Ces villes qui taxent la densité urbaine
Un nombre croissant de municipalités de la grande région de Montréal imposent des taxes foncières plus élevées aux bâtiments résidentiels comptant six logements ou plus, comparativement aux immeubles de moins grande taille. Et certaines villes réclameront l’an prochain une redevance de plusieurs milliers de dollars pour la construction de chaque nouveau logement sur leur territoire. Des mesures qui pourraient nuire aux locataires, en plus de décourager l’aménagement de bâtiments denses, préviennent des associations de propriétaires et de constructeurs.
Les municipalités peuvent imposer à leur convenance un taux de taxation plus élevé aux bâtiments résidentiels de six logements ou plus sur leur territoire, le tout en vertu d’un article de la Loi sur la fiscalité municipale. Et au moment où les villes font face à des défis financiers importants, elles seraient de plus en plus nombreuses à y avoir recours.
Un document réalisé par la firme Aviseo pour le compte de la Corporation des propriétaires immobiliers du Québec (CORPIQ) recensait 136 municipalités québécoises imposant, en 2020, des taxes foncières plus élevées aux grands bâtiments locatifs.

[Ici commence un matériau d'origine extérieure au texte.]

lemma alt_form_transpose:
  assumes \<beta>: "alt_form k \<beta>" and "a < k" "b < k" "a \<noteq> b"
  shows "\<beta> (v \<circ> Transposition.transpose a b) = - \<beta> v"
proof -
  have add: "\<beta> (w(i := x + y)) = \<beta> (w(i := x)) + \<beta> (w(i := y))" if "i < k" for w i x y
    using linear_add[OF alt_form_linear[OF \<beta> that]] by simp
  have zero: "\<beta> (w(a := x, b := x)) = 0" "\<beta> (w(b := x, a := x)) = 0" for w x
    using assms by (auto intro: alt_form_eq_zero[of k \<beta> a b])
  define s where "s = v a + v b"
  have "0 = \<beta> (v(a := s, b := v a)) + \<beta> (v(a := s, b := v b))"
    using zero(1)[of v s] add[of b "v(a := s)"] \<open>b < k\<close> unfolding s_def by simp
  moreover have "\<beta> (v(a := s, b := v a)) = \<beta> (v \<circ> Transposition.transpose a b)"
  proof -
    have "v(a := s, b := v a) = (v(b := v a))(a := v a + v b)"
      using \<open>a \<noteq> b\<close> by (auto simp: fun_eq_iff s_def)
    moreover have "v(b := v a, a := v b) = v \<circ> Transposition.transpose a b"
      by (auto simp: fun_eq_iff Transposition.transpose_def)
    ultimately show ?thesis
      using add[of a "v(b := v a)"] zero(2)[of v "v a"] \<open>a < k\<close> by simp
  qed
  moreover have "\<beta> (v(a := s, b := v b)) = \<beta> v"
    using add[of a v] alt_form_eq_zero[OF \<beta> \<open>a < k\<close> \<open>b < k\<close> \<open>a \<noteq> b\<close>, of "v(a := v b)"]
      \<open>a < k\<close> \<open>a \<noteq> b\<close> unfolding s_def by (simp add: fun_upd_twist)
  ultimately show ?thesis by simp
qed

lemma alt_form_permute:
  assumes "alt_form k \<beta>" and "\<tau> permutes {..<k}"
  shows "\<beta> (v \<circ> \<tau>) = of_int (sign \<tau>) * \<beta> v"
  using assms(2) finite_lessThan
proof (induction arbitrary: v rule: permutes_induct)
  case id
  then show ?case by simp
next
  case (swap a b p)
  have "permutation p"
    using swap.hyps(4) permutation_permutes by blast
  then have sign: "sign (Transposition.transpose a b \<circ> p) = - sign p"
    using swap.hyps by (simp add: sign_compose[OF permutation_swap_id] sign_swap_id)
  have "\<beta> (v \<circ> (Transposition.transpose a b \<circ> p)) = \<beta> ((v \<circ> Transposition.transpose a b) \<circ> p)"
    by (simp add: o_assoc)
  also have "\<dots> = of_int (sign p) * \<beta> (v \<circ> Transposition.transpose a b)"
    using swap.IH swap.hyps(4) by blast
  also have "\<dots> = - of_int (sign p) * \<beta> v"
    using alt_form_transpose[OF assms(1)] swap.hyps by simp
  finally show ?case
    by (simp del: comp_apply add: sign)
qed
lemma cooperative_pair_stays_positive:
  fixes D P D' P' :: "real \<Rightarrow> real"
  assumes "p \<le> q"
    and dD: "\<And>s. s \<in> {p..<q} \<Longrightarrow> (D has_real_derivative D' s) (at s)"
    and dP: "\<And>s. s \<in> {p..<q} \<Longrightarrow> (P has_real_derivative P' s) (at s)"
    and cD: "continuous_on {p..q} D"
    and P_incr: "\<And>s. s \<in> {p..<q} \<Longrightarrow> D s > 0 \<Longrightarrow> P' s \<ge> 0"
    and D_incr: "\<And>s. s \<in> {p..<q} \<Longrightarrow> P s \<ge> 0 \<Longrightarrow> D' s \<ge> 0"
    and D_start: "D p > 0" and P_start: "P p \<ge> 0"
  shows "D q > 0"
proof (rule ccontr)
  assume "\<not> D q > 0"
  then have "D q \<le> 0" by simp
  then obtain r where r: "p \<le> r" "r \<le> q" "D r \<le> 0" and D_pos: "\<And>s. p \<le> s \<Longrightarrow> s < r \<Longrightarrow> D s > 0"
    by (rule first_nonpositive_point[OF cD \<open>p \<le> q\<close>]) blast+
  have P_nonneg: "P s \<ge> 0" if "p \<le> s" "s < r" for s
  proof -
    have "P p \<le> P s"
    proof (rule DERIV_nonneg_imp_increasing_open[OF \<open>p \<le> s\<close>])
      fix t assume "p < t" "t < s"
      then have "t \<in> {p..<q}" "D t > 0" using D_pos that r by auto
      then show "\<exists>z. (P has_real_derivative z) (at t) \<and> 0 \<le> z"
        using dP P_incr by blast
    next
      show "continuous_on {p..s} P"
      proof (intro continuous_at_imp_continuous_on ballI)
        fix t assume "t \<in> {p..s}"
        then have "t \<in> {p..<q}" using that r by auto
        then show "isCont P t" by (rule DERIV_isCont[OF dP])
      qed
    qed
    then show ?thesis using P_start by simp
  qed
  have "D p \<le> D r"
  proof (rule DERIV_nonneg_imp_increasing_open[OF \<open>p \<le> r\<close>])
    fix t assume "p < t" "t < r"
    then have "t \<in> {p..<q}" "P t \<ge> 0" using P_nonneg r by auto
    then show "\<exists>z. (D has_real_derivative z) (at t) \<and> 0 \<le> z"
      using dD D_incr by blast
  next
    show "continuous_on {p..r} D"
      using r by (intro continuous_on_subset[OF cD]) auto
  qed
  then show False
    using D_start r by simp
qed

lemma cooperative_pair_positive:
  fixes D P D' P' :: "real \<Rightarrow> real"
  assumes "p < q"
    and dD: "\<And>s. s \<in> {p..<q} \<Longrightarrow> (D has_real_derivative D' s) (at s)"
    and dP: "\<And>s. s \<in> {p..<q} \<Longrightarrow> (P has_real_derivative P' s) (at s)"
    and cD: "continuous_on {p..q} D"
    and P_incr: "\<And>s. s \<in> {p..<q} \<Longrightarrow> D s > 0 \<Longrightarrow> P' s \<ge> 0"
    and D_incr: "\<And>s. s \<in> {p..<q} \<Longrightarrow> P s \<ge> 0 \<Longrightarrow> D' s \<ge> 0"
    and D_strict: "\<And>s. s \<in> {p..<q} \<Longrightarrow> P s > 0 \<Longrightarrow> D' s > 0"
    and start: "D p \<ge> 0" "P p \<ge> 0" "D p > 0 \<or> P p > 0"
  shows "D q > 0"
proof -
  obtain r where r: "p \<le> r" "r < q" "D r > 0" "P r \<ge> 0"
  proof (cases "D p > 0")
    case True
    then show ?thesis using that[of p] \<open>p < q\<close> start by auto
  next
    case False
    then have "isCont P p" "P p > 0"
      using start dP[of p] \<open>p < q\<close> DERIV_isCont by auto
    then obtain b where "b > p" and b: "\<And>s. p \<le> s \<Longrightarrow> s < b \<Longrightarrow> P s > 0"
      by (rule isCont_pos_right_neighbourhood) blast+
    define r where "r = min ((p + b) / 2) ((p + q) / 2)"
    have "p < r" "r < q" "r < b"
      using \<open>b > p\<close> \<open>p < q\<close> unfolding r_def by (auto simp: min_def)
    have "D p < D r"
    proof (rule DERIV_pos_imp_increasing_open[OF \<open>p < r\<close>])
      fix s assume "p < s" "s < r"
      then have "s \<in> {p..<q}" "P s > 0" using b \<open>r < q\<close> \<open>r < b\<close> by auto
      then show "\<exists>z. (D has_real_derivative z) (at s) \<and> z > 0"
        using dD D_strict by blast
    next
      show "continuous_on {p..r} D"
        using \<open>r < q\<close> by (intro continuous_on_subset[OF cD]) auto
    qed
    then show ?thesis
      using that[of r] start b[of r] \<open>p < r\<close> \<open>r < q\<close> \<open>r < b\<close> by auto
  qed
  show ?thesis
  proof (rule cooperative_pair_stays_positive[of r q D D' P P'])
    show "continuous_on {r..q} D"
      using r by (intro continuous_on_subset[OF cD]) auto
  qed (use r in \<open>auto intro!: dD dP P_incr D_incr\<close>)
qed

lemma exp_weighted_integral_bound:
  fixes f :: "real \<Rightarrow> real"
  assumes "K > 0" "\<alpha> \<le> t" "f integrable_on {\<alpha>..t}"
    and bound: "\<And>y. y \<in> {\<alpha>..t} \<Longrightarrow> \<bar>f y\<bar> \<le> M * exp (K * y)"
  shows "exp (- K * t) * \<bar>integral {\<alpha>..t} f\<bar> \<le> M / K"
proof -
  have "0 \<le> M * exp (K * \<alpha>)"
    using bound[of \<alpha>] \<open>\<alpha> \<le> t\<close> abs_ge_zero order_trans by fastforce
  then have "M \<ge> 0"
    by (simp add: zero_le_mult_iff)
  have prim: "((\<lambda>y. M * exp (K * y)) has_integral M * exp (K * t) / K - M * exp (K * \<alpha>) / K) {\<alpha>..t}"
  proof (rule fundamental_theorem_of_calculus[OF \<open>\<alpha> \<le> t\<close>])
    fix y :: real
    have "((\<lambda>y. M * exp (K * y) / K) has_real_derivative M * exp (K * y)) (at y within {\<alpha>..t})"
      using \<open>K > 0\<close> by (auto intro!: derivative_eq_intros)
    then show "((\<lambda>y. M * exp (K * y) / K) has_vector_derivative M * exp (K * y))
        (at y within {\<alpha>..t})"
      by (simp add: has_real_derivative_iff_has_vector_derivative)
  qed
  have "\<bar>integral {\<alpha>..t} f\<bar> \<le> integral {\<alpha>..t} (\<lambda>y. M * exp (K * y))"
    using integral_norm_bound_integral[OF assms(3) has_integral_integrable[OF prim]] bound by simp
  also have "\<dots> \<le> M * exp (K * t) / K"
    using integral_unique[OF prim] \<open>M \<ge> 0\<close> \<open>K > 0\<close> by simp
  finally have "exp (- K * t) * \<bar>integral {\<alpha>..t} f\<bar> \<le> exp (- K * t) * (M * exp (K * t) / K)"
    by (rule mult_left_mono) simp
  also have "\<dots> = M / K"
    by (simp add: mult_exp_exp)
  finally show ?thesis .
qed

Depuis, d’autres s’ajoutent à la liste. Ce sera notamment le cas l’an prochain de Terrebonne et de Saint-Jean-sur-Richelieu, a constaté Le Devoir.
À Terrebonne, par exemple, la hausse des taxes foncières sera de 11,38 % pour les propriétaires d’immeubles résidentiels de six logements et plus (contre un taux moyen de 5,94 % pour les bâtisses de plus petite taille). « Il y a certains groupes de propriétaires de grands logements qui sont capables de faire une contribution supplémentaire » afin d’aider la Ville à « payer les infrastructures municipales », a fait valoir le maire Mathieu Traversy en entrevue jeudi.
La Ville de Laval applique quant à elle dans son dernier budget un taux de taxation environ 14 % plus élevé aux grands bâtiments résidentiels, un pourcentage qui est de 12,5 % à Mascouche et de près de 29 % à Chambly.
Un fardeau pour les locataires ?
Cette situation préoccupe tant la CORPIQ que l’Association des propriétaires du Québec (APQ), qui rappellent que ce sont les locataires de ces bâtiments denses qui écoperont des hausses de taxes plus élevées que recevront leurs propriétaires l’an prochain. Ces augmentations peuvent effectivement se transformer en hausses des loyers en vertu des critères du Tribunal administratif du logement.
« Il faudrait donner un petit cours 101 à l’intention de nos maires et mairesses pour leur montrer la méthode de fixation des loyers pour qu’ils arrêtent de dire qu’en mettant en place une taxe, ils visent les richissimes propriétaires », laisse ainsi tomber le président de l’APQ, Martin Messier.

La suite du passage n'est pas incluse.